Hernán
Llegar a la oficina ese día se sintió diferente. No sabía si era por mí, por ella, o por el simple hecho de que quería que algo cambiara de verdad. Nada de bromas torpes ni comentarios improvisados: hoy tocaba actuar.
El proyecto que nos habían asignado todavía estaba en fase de planificación, pero había una sección clave que requería precisión y dedicación. Normalmente me hubiera quedado en mi rincón, dejando que Martina tomara el control. Hoy no.
—Martina, estuve revisando los datos de la campaña —empecé, tratando de sonar seguro— y pensé que podríamos reorganizar las prioridades. Si me dejás, me encargo de los análisis del público objetivo y los reportes de métricas. Así vos te concentrás en la propuesta creativa.
Ella me miró un segundo, evaluando, y por primera vez sentí que no había desconfianza absoluta en sus ojos.
—Está bien —dijo finalmente, casi sin entusiasmo, pero lo suficiente como para dejarme ver una rendija—. Hacé eso, Hernán. Yo me encargo del resto.
Tomé aire y empecé a trabajar, intentando demostrar con hechos que no era el mismo pibe que ella había conocido antes. Revisé los números, hice gráficos claros, preparé un borrador de presentación. Todo limpio, organizado, sin errores. Cuando le mostré lo que había hecho, ella levantó la mirada de su laptop y soltó un:
—No está mal. Gracias.
Ese simple “gracias” me dio un impulso que no esperaba. No era solo reconocimiento profesional; era algo más. Una pequeña señal de que podía reconstruir la confianza que había perdido.
Sofi apareció en ese momento, con su típico entusiasmo, trayendo un par de cafés:
—¡Jefecita! Te traje el tuyo con la cantidad exacta de azúcar que te gusta, y para vos también, Hernán —dijo guiñando un ojo—. Porque alguien tiene que mantener este dúo funcionando sin que se maten.
Martina soltó una risita casi imperceptible, y yo la miré con ojos de “gracias por esto”. Sofi se fue antes de que pudiera decir algo, dejándonos solos nuevamente.
Seguimos trabajando. Cada comentario que le hacía a Martina era profesional, pero trataba de que la conversación fluyera, preguntando su opinión, valorando sus ideas.

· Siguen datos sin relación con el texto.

lemma finite_trace_preimage:
  assumes X: "metrizable_space X" and r: "cord r" "\<not> is_one r"
    and I: "finite I" and D: "\<And>i. i \<in> I \<Longrightarrow> bsigma_below X r (D i)"
  shows "bsigma X r {x \<in> topspace X. G (\<lambda>i. i \<in> I \<and> x \<in> D i) \<in> A}"
    and "\<exists>t. cord t \<and> (t, r) \<in> ordLess \<and>
      (\<forall>A. bsigma_succ X t {x \<in> topspace X. G (\<lambda>i. i \<in> I \<and> x \<in> D i) \<in> A})"
proof -
  have D_sub: "topspace X \<inter> D i = D i" if "i \<in> I" for i
    using D[OF that] bsigma_subset_topspace unfolding bsigma_below_def by blast
  show "bsigma X r {x \<in> topspace X. G (\<lambda>i. i \<in> I \<and> x \<in> D i) \<in> A}"
    by (rule set_lattice_finite_trace[where \<phi> = "\<lambda>v. G v \<in> A", OF set_lattice_bsigma[OF X r(1)] I])
      (simp add: D_sub bsigma_below_imp_bsigma[OF X r(1) D] bsigma_compl_below[OF r(1) D])
  obtain t where t: "cord t" "(t, r) \<in> ordLess" "\<And>B. B \<in> D ` I \<Longrightarrow> bsigma X t B"
    using bsigma_below_finite_bound[OF X r finite_imageI[OF I]] D by blast
  have "bsigma_succ X t {x \<in> topspace X. G (\<lambda>i. i \<in> I \<and> x \<in> D i) \<in> A}" for A
    by (rule set_lattice_finite_trace[where \<phi> = "\<lambda>v. G v \<in> A", OF set_lattice_bsigma_succ[OF t(1)] I])
      (simp add: D_sub bsigma_imp_bsigma_succ[OF X t(1)] bsigma_succ_compl t(3))
  then show "\<exists>t. cord t \<and> (t, r) \<in> ordLess \<and>
      (\<forall>A. bsigma_succ X t {x \<in> topspace X. G (\<lambda>i. i \<in> I \<and> x \<in> D i) \<in> A})"
    using t by blast
qed

section \<open>Lebesgue's limit lemma\<close>

context Metric_space
begin

definition shrink :: "'a set \<Rightarrow> nat \<Rightarrow> 'a set" where
  "shrink U k = {y \<in> M. mball y (1 / Suc k) \<subseteq> U}"

lemma shrink_subset: "shrink U k \<subseteq> U"
  unfolding shrink_def by force

lemma closedin_shrink: "closedin mtopology (shrink U k)"
proof -
  have "M - shrink U k = (\<Union>z\<in>M - U. mball z (1 / Suc k))"
    unfolding shrink_def by (auto simp: commute)
  then show ?thesis
    unfolding closedin_def shrink_def by auto
qed

lemma openin_imp_shrink:
  assumes "openin mtopology U" "y \<in> U"
  obtains k where "mball y (1 / Suc k) \<subseteq> shrink U k"
proof -
  obtain e where e: "e > 0" "mball y e \<subseteq> U"
    using assms openin_mtopology by blast
  obtain k where "inverse (real (Suc k)) < e / 2"
    using reals_Archimedean[of "e / 2"] e(1) by auto
  then have k: "2 / real (Suc k) < e"
    by (simp add: inverse_eq_divide)
  have "w \<in> shrink U k" if w: "w \<in> mball y (1 / Suc k)" for w
  proof -
    have "z \<in> U" if z: "z \<in> mball w (1 / Suc k)" for z
    proof -
      have "d y z < e"
        using w z triangle[of y w z] k by auto
      then show "z \<in> U"
        using e(2) w z by auto
    qed
    then show ?thesis
      using w unfolding shrink_def by auto
  qed
  then have "mball y (1 / Suc k) \<subseteq> shrink U k"
    by blast
  then show ?thesis
    using that by blast
qed

lemma limitin_in_openin_iff:
  assumes U: "openin mtopology U" and lim: "limitin mtopology s l sequentially"
  shows "l \<in> U \<longleftrightarrow> (\<exists>k N. \<forall>n\<ge>N. s n \<in> shrink U k)"
proof
  assume "l \<in> U"
  then obtain k where k: "mball l (1 / Suc k) \<subseteq> shrink U k"
    using openin_imp_shrink U by blast
  have "l \<in> mball l (1 / Suc k)"
    using \<open>l \<in> U\<close> openin_subset[OF U] by auto
  then have "eventually (\<lambda>n. s n \<in> mball l (1 / Suc k)) sequentially"
    using lim unfolding limitin_def by blast
  then show "\<exists>k N. \<forall>n\<ge>N. s n \<in> shrink U k"
    using k unfolding eventually_sequentially by blast
next
  assume "\<exists>k N. \<forall>n\<ge>N. s n \<in> shrink U k"
  then obtain k where "eventually (\<lambda>n. s n \<in> shrink U k) sequentially"
    unfolding eventually_sequentially by blast
  then have "l \<in> shrink U k"
    using limitin_closedin[OF lim closedin_shrink] by simp
  then show "l \<in> U"
    using shrink_subset by blast
qed

end

definition bsigma_succ_measurable :: "'a topology \<Rightarrow> 'b topology \<Rightarrow> nat rel \<Rightarrow> ('a \<Rightarrow> 'b) \<Rightarrow> bool" where
  "bsigma_succ_measurable X Y r f \<longleftrightarrow> f ` topspace X \<subseteq> topspace Y \<and>
     (\<forall>U. openin Y U \<longrightarrow> bsigma_succ X r {x \<in> topspace X. f x \<in> U})"

lemma limitin_bsigma_succ_measurable:
  assumes Y: "metrizable_space Y" and r: "cord r"
    and g: "\<And>n U. openin Y U \<Longrightarrow> bsigma X r {x \<in> topspace X. g n x \<in> U}"
    and gY: "\<And>n x. x \<in> topspace X \<Longrightarrow> g n x \<in> topspace Y"
    and lim: "\<And>x. x \<in> topspace X \<Longrightarrow> limitin Y (\<lambda>n. g n x) (f x) sequentially"
  shows "bsigma_succ_measurable X Y r f"
proof -
  obtain M d where md: "Metric_space M d" "Y = Metric_space.mtopology M d"
    using Y metrizable_space_def by blast
  interpret m: Metric_space M d
    by (rule md(1))
  have "bsigma_succ X r {x \<in> topspace X. f x \<in> U}" if U: "openin Y U" for U
  proof -
    define E where "E k N = {x \<in> topspace X. \<forall>n\<ge>N. g n x \<in> m.shrink U k}" for k N
    have "f x \<in> U \<longleftrightarrow> (\<exists>k N. \<forall>n\<ge>N. g n x \<in> m.shrink U k)" if "x \<in> topspace X" for x
      using m.limitin_in_openin_iff[of U "\<lambda>n. g n x" "f x"] U lim[OF that] unfolding md(2) by simp
    then have "{x \<in> topspace X. f x \<in> U} = (\<Union>k N. E k N)"
      unfolding E_def by auto
    moreover have "bsigma_succ X r (E k N)" for k N
    proof -
      have "closedin Y (m.shrink U k)"
        unfolding md(2) by (rule m.closedin_shrink)
      then have "bsigma X r (\<Union>n\<in>{N..}. {x \<in> topspace X. g n x \<in> topspace Y - m.shrink U k})"
        by (intro bsigma_UN[OF r] g) auto
      moreover have "E k N = topspace X - (\<Union>n\<in>{N..}. {x \<in> topspace X. g n x \<in> topspace Y - m.shrink U k})"
        unfolding E_def using gY by auto
      ultimately show ?thesis
        using bsigma_succ_compl by simp
    qed
    ultimately show ?thesis
      unfolding bsigma_succ_def by (simp add: countable_union_of_UN)
  qed
  moreover have "f ` topspace X \<subseteq> topspace Y"
    using limitin_topspace[OF lim] by auto
  ultimately show ?thesis
    unfolding bsigma_succ_measurable_def by blast
qed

Ella, lentamente, empezó a abrirse un poco más, compartiendo sugerencias y pequeñas correcciones.
Al final de la jornada, mientras guardábamos nuestros papeles, me animé a hablar:
—Martina… solo quería que supieras que voy a seguir haciendo esto. No es un gesto de hoy, quiero demostrarte que realmente estoy cambiando.
Ella me miró, seria pero con un dejo de curiosidad:
—Lo sé, Hernán. La única forma de que crea que cambiaste es viendo tus actos.
—Entonces vas a verlos —respondí, con seguridad—. Desde hoy en adelante.
Y mientras me despedía, sentí que algo se movía. No era solo mi sensación; había algo en su mirada, en la manera que me había confiado una parte del proyecto, que me decía que estaba empezando a confiar de verdad.